The worst normalization problems -- by far -- for Unicode are
found in the scripts (such as Latin, Greek, and Hangul) which
have long histories of legacy implementations prior to Unicode --
histories which got reflected into the standard via multiple
sets of compatibility characters, for example.
> My prediction: normalization will eventually force some sort of version
> indicator to be included in all (normalized) Unicode text. (Weak analogy:
> much as DTD references are, either explicitly or implicitly, part of all XML
> documents).
I doubt it. I think it is much more likely that the stability of
normalization per se will hold.
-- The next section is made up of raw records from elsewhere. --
section \<open>Polynomials and field extensions\<close>

lemma (in domain) monic_root_factor:
  assumes f: "f \<in> carrier (poly_ring R)" "hd f = \<one>" and root: "is_root f a"
  obtains g where "g \<in> carrier (poly_ring R)" "g \<noteq> []" "hd g = \<one>" "length g = length f - 1"
    and "\<And>x. x \<in> carrier R \<Longrightarrow> eval f x = eval [\<one>, \<ominus> a] x \<otimes> eval g x"
proof -
  let ?b = "[\<one>, \<ominus> a]"
  have a: "a \<in> carrier R" "f \<noteq> []" using root unfolding is_root_def by auto
  obtain g where g: "g \<in> carrier (poly_ring R)" "f = ?b \<otimes>\<^bsub>poly_ring R\<^esub> g"
    using is_root_imp_pdivides[OF f(1) root] unfolding pdivides_def factor_def by blast
  have fg: "f = poly_mult ?b g" using g(2) by (simp add: univ_poly_mult)
  have pb: "polynomial (carrier R) ?b" using a(1) by (simp add: polynomial_def)
  have pg: "polynomial (carrier R) g" using g(1) univ_poly_carrier by blast
  have "length f - 1 = (if ?b = [] \<or> g = [] then 0 else (length ?b - 1) + (length g - 1))"
    unfolding fg by (rule poly_mult_degree_eq[OF carrier_is_subring pb pg])
  moreover have g_ne: "g \<noteq> []" using fg a(2) by auto
  ultimately have "length g = length f - 1" by simp
  moreover have "hd f = hd ?b \<otimes> hd g"
    unfolding fg by (rule poly_mult_lead_coeff[OF carrier_is_subring pb pg]) (use g_ne in auto)
  hence "hd g = \<one>"
    using f(2) pg g_ne unfolding polynomial_def by (auto intro: hd_in_set)
  moreover have "eval f x = eval ?b x \<otimes> eval g x" if "x \<in> carrier R" for x
    unfolding fg using pb pg that by (intro eval_poly_mult) (auto simp: polynomial_def)
  ultimately show ?thesis using that g(1) g_ne by blast
qed

text \<open>Squaring removes the sign \<open>(-1)\<^sup>d\<close> relating the constant term of a monic polynomial of
  degree \<open>d\<close> to the product of its roots.\<close>
lemma (in algebraically_closed) eval_zero_pow_of_roots_pow:
  fixes N :: nat
  assumes "f \<in> carrier (poly_ring L)" "f \<noteq> []" "hd f = \<one>" "c \<in> carrier L"
    and "\<And>b. b \<in> carrier L \<Longrightarrow> eval f b = \<zero> \<Longrightarrow> b [^] N = c"
  shows "eval f \<zero> [^] (2 * N) = c [^] (2 * (length f - 1))"
  using assms
proof (induct "length f - 1" arbitrary: f)
  case 0
  hence "f = [\<one>]" by (cases f) auto
  thus ?case by simp
next
  case (Suc n f)
  have "size (roots f) = Suc n"
    using roots_over_carrier[OF Suc(3)] Suc(2) unfolding splitted_def by simp
  then obtain a where "a \<in># roots f" by (metis multiset_nonemptyE size_empty nat.simps(3))
  hence root: "is_root f a" using roots_mem_iff_is_root[OF Suc(3)] by simp
  hence a: "a \<in> carrier L" "eval f a = \<zero>" unfolding is_root_def by auto
  obtain g where g: "g \<in> carrier (poly_ring L)" "g \<noteq> []" "hd g = \<one>" "length g = length f - 1"
    and eval_f: "\<And>x. x \<in> carrier L \<Longrightarrow> eval f x = eval [\<one>, \<ominus> a] x \<otimes> eval g x"
    using monic_root_factor[OF Suc(3,5) root] by blast
  have g0: "eval g x \<in> carrier L" if "x \<in> carrier L" for x
    using g(1) that by (simp add: eval_in_carrier polynomial_incl univ_poly_carrier[symmetric])
  have "b [^] N = c" if "b \<in> carrier L" "eval g b = \<zero>" for b
    using Suc(7)[OF that(1)] eval_f[OF that(1)] that a(1) by simp
  moreover have deg_g: "n = length g - 1" using g(4) Suc(2) by simp
  ultimately have IH: "eval g \<zero> [^] (2 * N) = c [^] (2 * n)"
    using Suc(1)[OF deg_g g(1-3) Suc(6)] by simp
  have "(\<ominus> a) [^] (2 * N) = ((\<ominus> a) [^] (2::nat)) [^] N" by (simp add: nat_pow_pow a(1))
  also have "(\<ominus> a) [^] (2::nat) = a [^] (2::nat)"
    using a(1) by (simp add: numeral_2_eq_2 l_minus r_minus)
  also have "(a [^] (2::nat)) [^] N = (a [^] N) [^] (2::nat)"
    using a(1) by (simp add: nat_pow_pow mult.commute)
  finally have a_pow: "(\<ominus> a) [^] (2 * N) = c [^] (2::nat)" using Suc(7)[OF a] by simp
  have "eval f \<zero> [^] (2 * N) = (\<ominus> a) [^] (2 * N) \<otimes> eval g \<zero> [^] (2 * N)"
    using eval_f[of \<zero>] a(1) g0[of \<zero>] by (simp add: nat_pow_distrib)
  also have "\<dots> = c [^] (2 * Suc n)" unfolding a_pow IH using Suc(6) by (simp add: nat_pow_mult)
  finally show ?case unfolding Suc(2)[symmetric] .
qed

definition (in ring) X_pow_minus :: "nat \<Rightarrow> 'a \<Rightarrow> 'a list" where
  "X_pow_minus n c = monom \<one> (n - 1) @ [\<ominus> c]"

lemma (in domain) X_pow_minus_carrier:
  assumes "subring K R" "c \<in> K"
  shows "X_pow_minus n c \<in> carrier (K[X])"
proof -
  have "set (X_pow_minus n c) \<subseteq> {\<one>, \<zero>, \<ominus> c}"
    unfolding X_pow_minus_def monom_def by auto
  also have "\<dots> \<subseteq> K" using subringE(2,3,5)[OF assms(1)] assms(2) by auto
  finally have "set (X_pow_minus n c) \<subseteq> K" .
  moreover have "hd (X_pow_minus n c) = \<one>" unfolding X_pow_minus_def monom_def by simp
  ultimately show ?thesis by (simp add: univ_poly_carrier[symmetric] polynomial_def)
qed

lemma (in ring) eval_X_pow_minus:
  assumes "n > 0" "c \<in> carrier R" "x \<in> carrier R"
  shows "eval (X_pow_minus n c) x = x [^] n \<ominus> c"
proof -
  have "eval (X_pow_minus n c) x = x [^] (n - 1) \<otimes> x \<ominus> c"
    unfolding X_pow_minus_def a_minus_def using assms(2,3)
    by (simp add: eval_append_aux monom_in_carrier eval_monom)
  also have "x [^] (n - 1) \<otimes> x = x [^] n"
    using assms(1,3) nat_pow_Suc[of x "n - 1"] by simp
  finally show ?thesis .
qed

lemma (in domain) pow_root_algebraic:
  fixes N :: nat
  assumes "subring K R" "c \<in> K" "x \<in> carrier R" "N > 0" "x [^] N = c"
  shows "(algebraic over K) x"
proof (rule algebraicI)
  show "X_pow_minus N c \<in> carrier (K[X])" by (rule X_pow_minus_carrier[OF assms(1,2)])
  show "X_pow_minus N c \<noteq> []" unfolding X_pow_minus_def by simp
  show "eval (X_pow_minus N c) x = \<zero>"
    using eval_X_pow_minus[OF assms(4) _ assms(3)] subringE(1)[OF assms(1)] assms(2,5) by auto
qed

lemma (in domain) IrrE_poly_ring:
  assumes "subfield K R" "x \<in> carrier R" "(algebraic over K) x"
  shows "Irr K x \<in> carrier (poly_ring R)" and "Irr K x \<noteq> []" and "hd (Irr K x) = \<one>"
    and "eval (Irr K x) \<zero> \<in> K"
proof -
  have K: "subring K R" using subfieldE(1)[OF assms(1)] .
  have f: "Irr K x \<in> carrier (K[X])" using IrrE(1)[OF assms] .
  show "Irr K x \<in> carrier (poly_ring R)"
    using carrier_polynomial[OF K] f univ_poly_carrier by blast
  show ne: "Irr K x \<noteq> []"
    using domain.ring_irreducibleE(1)[OF univ_poly_is_domain[OF K] f] IrrE(2)[OF assms]
    by (simp add: univ_poly_zero)
  show "hd (Irr K x) = \<one>" using IrrE(3)[OF assms] by simp
  have "set (Irr K x) \<subseteq> K" using f ne unfolding univ_poly_carrier[symmetric] polynomial_def by auto
  thus "eval (Irr K x) \<zero> \<in> K"
    using ring.eval_in_carrier[OF subring_is_ring[OF K], of "Irr K x" \<zero>] subringE(2)[OF K] K
    by simp
qed

lemma (in domain) Irr_roots_pow_eq:
  fixes N :: nat
  assumes K: "subfield K R" and "c \<in> K" "x \<in> carrier R" "N > 0" "x [^] N = c"
    and b: "b \<in> carrier R" "eval (Irr K x) b = \<zero>"
  shows "b [^] N = c"
proof -
  have c: "c \<in> carrier R" using subringE(1)[OF subfieldE(1)[OF K]] assms(2) by blast
  have alg: "(algebraic over K) x" by (rule pow_root_algebraic[OF subfieldE(1)[OF K] assms(2-5)])
  have "Irr K x pdivides X_pow_minus N c"
    by (rule Irr_minimal[OF K assms(3) alg X_pow_minus_carrier[OF subfieldE(1)[OF K] assms(2)]])
      (simp add: eval_X_pow_minus assms(3-5) c r_right_minus_eq)
  hence "eval (X_pow_minus N c) b = \<zero>"
    by (rule pdivides_imp_root_sharing[OF IrrE_poly_ring(1)[OF K assms(3) alg] _ b])
  thus ?thesis using eval_X_pow_minus[OF assms(4) c b(1)] b(1) c r_right_minus_eq by simp
qed

lemma (in ring) finite_dimension_over_intermediate:
  assumes K: "subfield K R" and M: "subfield M R" and L: "subring L R"
    and "K \<subseteq> M" "M \<subseteq> L" "finite_dimension K L"
  shows "finite_dimension M L"
proof -
  obtain Vs where Vs: "set Vs \<subseteq> carrier R" "Span K Vs = L"
    using exists_base[OF K] assms(6) by blast
  have "Span M Vs = L"
  proof
    show "L \<subseteq> Span M Vs"
      unfolding Vs(2)[symmetric] Span_eq_combine_set[OF K Vs(1)] Span_eq_combine_set[OF M Vs(1)]
      using \<open>K \<subseteq> M\<close> by blast
    have "set Vs \<subseteq> L" using Span_base_incl[OF K Vs(1)] Vs(2) by simp
    hence "M <#> set Vs \<subseteq> L"
      unfolding set_mult_def using \<open>M \<subseteq> L\<close> subringE(6)[OF L] by blast
    thus "Span M Vs \<subseteq> L" by (rule Span_min[OF M Vs(1) subring.axioms(1)[OF L]])
  qed
  thus ?thesis using Span_finite_dimension[OF M Vs(1)] by simp
qed

lemma (in ring) dim_dvd_tower:
  assumes "subfield K R" "subfield F R" "subfield M R" "subring L R"
    and "K \<subseteq> M" "M \<subseteq> L"
    and "finite_dimension K F" "finite_dimension F L" "finite_dimension K M"
  shows "(dim over K) M dvd (dim over K) F * (dim over F) L"
proof -
  have KL: "finite_dimension K L" and "(dim over K) L = (dim over K) F * (dim over F) L"
    using telescopic_base_dim[OF assms(1,2,7,8)] by auto
  moreover have "(dim over K) L = (dim over K) M * (dim over M) L"
    using telescopic_base_dim(2)[OF assms(1,3,9)
        finite_dimension_over_intermediate[OF assms(1,3,4,5,6) KL]] .
  ultimately show ?thesis by (metis dvd_triv_left)
qed

lemma (in domain) dim_pos:
  assumes "subfield K R" "finite_dimension K E" "K \<subseteq> E"
  shows "(dim over K) E > 0"
proof (rule ccontr)
  assume "\<not> (dim over K) E > 0"
  hence "E = {\<zero>}" using dimension_zero[OF assms(1)] finite_dimensionE[OF assms(1,2)] by simp
  thus False using assms(3) subringE(3)[OF subfieldE(1)[OF assms(1)]] one_not_zero by blast
qed

section \<open>Roots of \<open>p\<close>\<close>

context Qp_embedding
begin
And when people finally come to understand
that Unicode normalization forms don't meet all of their
string equivalencing needs, the pressure will grow to define other
kinds of equivalences. And that will be addressed through other
mechanisms, the seed for which is already being discussed in:
http://www.unicode.org/reports/tr30/
But that document obviously needs a lot more work in committee
before it is complete.
> Normalization and its applications (such as early normalization for string
> identity matching) may indeed be the show-stopper (today), so this question
> may be moot, but I'll ask it anyway: Are there any other uses of combining
> classes that would break (in ways apart from normalization breaking) if the
> assignments for the Hebrew vowels were changed? We might as well be sure
> that we know the entire scope of the issues involved.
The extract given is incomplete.